Newton’s Method for Systems of Equations

We have covered rootfinding for non-linear equations, including Newton’s method, and linear algebra. There is a connection between these two topics - Newton’s method for systems of equations.

We want to find the solution \(x_*\) such that

\[f \left( x_* \right) = 0\]

for some non-linear function \(f \left( x \right)\).

For a single equation, Newton’s method is

\[x_n = x_{n - 1} - \frac{f \left( x_{n - 1} \right)}{f' \left( x_{n - 1} \right)}\]

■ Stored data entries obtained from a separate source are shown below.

lemma local_mat_cyclic_shift:
  assumes "1 \<le> i" "i + 1 \<le> n"
  shows "local_mat n i (m3 [[1,0,0],[0,x,y],[0,z,w]]) =
    cyclic_shift_mat n * local_mat n i (m3 [[x,y,0],[z,w,0],[0,0,1]]) * (cyclic_shift_mat n)\<^sup>T"
    (is "?L = ?P * ?A * ?P\<^sup>T")
proof (rule eq_matI)
  fix r c assume "r < dim_row (?P * ?A * ?P\<^sup>T)" "c < dim_col (?P * ?A * ?P\<^sup>T)"
  then have rc: "r \<le> n" "c \<le> n" by (simp_all add: cyclic_shift_mat_def)
  have "(?P * ?A * ?P\<^sup>T) $$ (r,c) = ?A $$ (cyclic_pred n r, cyclic_pred n c)"
    using rc cyclic_pred_le[OF rc(1)] cyclic_pred_le[OF rc(2)]
    by (simp add: mult_transpose_cyclic_shift_mat_index cyclic_shift_mat_mult_index
        mult_carrier_mat[of _ "Suc n" "Suc n"])
  then show "?L $$ (r,c) = (?P * ?A * ?P\<^sup>T) $$ (r,c)"
    using local_mat_cyclic_pred_index[OF assms rc] by simp
qed (simp_all add: cyclic_shift_mat_def local_mat_def)

lemma equiv_local_refl: "equiv_local n M N M N"
  unfolding equiv_local_def
  by (intro exI[of _ "1\<^sub>m (n+1)"] conjI ballI) (auto simp: local_mat_def)

lemma equiv_local_cyclic_shift:
  "equiv_local n (m3 [[1,0,0],[0,x,y],[0,z,w]]) (m3 [[1,0,0],[0,x',y'],[0,z',w']])
                 (m3 [[x,y,0],[z,w,0],[0,0,1]]) (m3 [[x',y',0],[z',w',0],[0,0,1]])"
  unfolding equiv_local_def
  by (rule exI[of _ "cyclic_shift_mat n"], rule exI[of _ "(cyclic_shift_mat n)\<^sup>T"])
    (auto simp: cyclic_shift_mat_mult_transpose transpose_cyclic_shift_mat_mult local_mat_cyclic_shift)

theorem theorem4p1:
  fixes n :: nat and M N :: "complex mat"
  assumes "n \<ge> 4"
    and "hom_3local_rep n M N"
  shows "\<exists>j\<in>{1..14}. \<exists>M' N'. family j M' N' \<and> equiv_local n M N M' N'"
  using hom_3local_rep_classification[OF assms]
proof
  assume "\<exists>j\<in>{1..14}. family j M N"
  then show ?thesis using equiv_local_refl by blast
next
  assume "\<exists>y p. p \<noteq> 0 \<and> N = m3 [[1,0,0],[0,0,p],[0,1/p,0]] \<and>
    (M = m3 [[1,0,0],[0,1,y],[0,0,-1]] \<or> M = m3 [[1,0,0],[0,-1,y],[0,0,1]])"
  then obtain y p where p: "p \<noteq> 0" and N: "N = m3 [[1,0,0],[0,0,p],[0,1/p,0]]"
    and M: "M = m3 [[1,0,0],[0,1,y],[0,0,-1]] \<or> M = m3 [[1,0,0],[0,-1,y],[0,0,1]]"
    by blast
  let ?N' = "m3 [[0,p,0],[1/p,0,0],[0,0,1]]"
  have "family 5 (m3 [[1,y,0],[0,-1,0],[0,0,1]]) ?N'" "family 6 (m3 [[-1,y,0],[0,1,0],[0,0,1]]) ?N'"
    using p by (auto simp: family_def)
  moreover have "equiv_local n M N (m3 [[1,y,0],[0,-1,0],[0,0,1]]) ?N' \<or>
                 equiv_local n M N (m3 [[-1,y,0],[0,1,0],[0,0,1]]) ?N'"
    using M unfolding N by (metis equiv_local_cyclic_shift)
  moreover have "(5::nat) \<in> {1..14}" "(6::nat) \<in> {1..14}" by simp_all
  ultimately show ?thesis by blast
qed

end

We will generalize this for two equations with two unknown variables. Therefore, we will find the solution \(X_*\) such that

\[F \left( X_* \right) = 0\]

# Let's start with some system of equations
f1(x1, x2) = (x1 - 2) * (x1 - 3) + (x2 - 4) * (x2 - 3)
f2(x1, x2) = (x1 - 2) * (x1 - 4) + (x2 - 5) * (x2 - 3)

function F(X)
    return [f1(X[1], X[2]);
            f2(X[1], X[2])]
end

F (generic function with 1 method)

With Newton’s method for scalar equations, we start with an initial guess \(x_0\) for \(x_*\) and create iterates \(x_n\) that get increasingly close to \(x_*\) With each iteration, we are solving for the value \(x\) that is the root of the tangent line for the current guess \(x_{n - 1}\):

\[t \left( x \right) = f \left( x_{n - 1} \right) + f' \left( x_{n - 1} \right) \left( x - x_{n - 1} \right)\]

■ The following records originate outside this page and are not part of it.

definition unit_component :: "(real^'n) set" where
  "unit_component = connected_component_set {x. jinvertible jm x} e"

lemma jinvertible_unit_component: "x \<in> unit_component \<Longrightarrow> jinvertible jm x"
  unfolding unit_component_def using connected_component_subset by blast

lemma unit_mem_unit_component: "e \<in> unit_component"
  unfolding unit_component_def using jinvertible_unit by simp

lemma open_unit_component: "open unit_component"
  unfolding unit_component_def by (rule open_connected_component[OF open_jinvertible])

lemma connected_subset_unit_component:
  "connected A \<Longrightarrow> x \<in> A \<Longrightarrow> x \<in> unit_component \<Longrightarrow> A \<subseteq> {x. jinvertible jm x} \<Longrightarrow> A \<subseteq> unit_component"
  unfolding unit_component_def by (metis connected_component_eq connected_component_maximal)

lemma flow_mem_unit_component:
  assumes x: "x \<in> unit_component"
  shows "flow t a x \<in> unit_component"
proof -
  have "connected (range (\<lambda>s. flow s a x))"
    by (rule connected_continuous_image[OF continuous_on_flow connected_UNIV])
  moreover have "x \<in> range (\<lambda>s. flow s a x)"
    by (metis flow_zero rangeI)
  moreover have "range (\<lambda>s. flow s a x) \<subseteq> {x. jinvertible jm x}"
    using jinvertible_flow jinvertible_unit_component[OF x] by blast
  ultimately have "range (\<lambda>s. flow s a x) \<subseteq> unit_component"
    using connected_subset_unit_component x by blast
  then show ?thesis by blast
qed

definition zeta_automorphism :: "(real^'n \<Rightarrow> real^'n) \<Rightarrow> bool" where
  "zeta_automorphism g \<longleftrightarrow> g ` unit_component \<subseteq> unit_component
     \<and> (\<forall>x\<in>unit_component. \<forall>u. zeta jm \<gamma> (g x) (g u) = zeta jm \<gamma> x u)"

lemma zeta_automorphism_id: "zeta_automorphism id"
  unfolding zeta_automorphism_def by auto

lemma zeta_automorphism_comp: "zeta_automorphism f \<Longrightarrow> zeta_automorphism g \<Longrightarrow> zeta_automorphism (f \<circ> g)"
  unfolding zeta_automorphism_def by (auto simp: image_subset_iff)

lemma zeta_automorphism_flow: "zeta_automorphism (flow t a)"
  unfolding zeta_automorphism_def
  using flow_mem_unit_component by (auto simp: zeta_flow jinvertible_unit_component)

definition exp_unit :: "real^'n \<Rightarrow> real^'n" where
  "exp_unit a = flow 1 a e"

lemma P_exp_unit: "P (exp_unit a) = flow 1 a \<circ> flow 1 a"
  unfolding exp_unit_def by (rule ext) (simp add: P_flow P_unit)

lemma zeta_automorphism_P_exp_unit: "zeta_automorphism (P (exp_unit a))"
  unfolding P_exp_unit by (intro zeta_automorphism_comp zeta_automorphism_flow)

lemma zeta_automorphism_inv_P_exp_unit: "zeta_automorphism (inv (P (exp_unit a)))"
proof -
  have "inv (P (exp_unit a)) = flow (-1) a \<circ> flow (-1) a"
    unfolding P_exp_unit by (rule inv_equality) (simp_all add: flow_inverse)
  then show ?thesis by (simp add: zeta_automorphism_comp zeta_automorphism_flow)
qed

Solving for \(t \left( x \right) = 0\) gives the next \(x_n\) for our Newton iteration:

\[x_n = x_{n - 1} - \frac{f \left( x_{n - 1} \right)}{f' \left( x_{n - 1} \right)}\]

Similarly, we can form a tangent plane, \(T \left( X \right)\), and find the point on the tangent plane closest to the origin.

\[T \left( X \right) = F \left( X_{n - 1} \right) + J \left( X_{n - 1} \right) \left( X - X_{n - 1} \right)\]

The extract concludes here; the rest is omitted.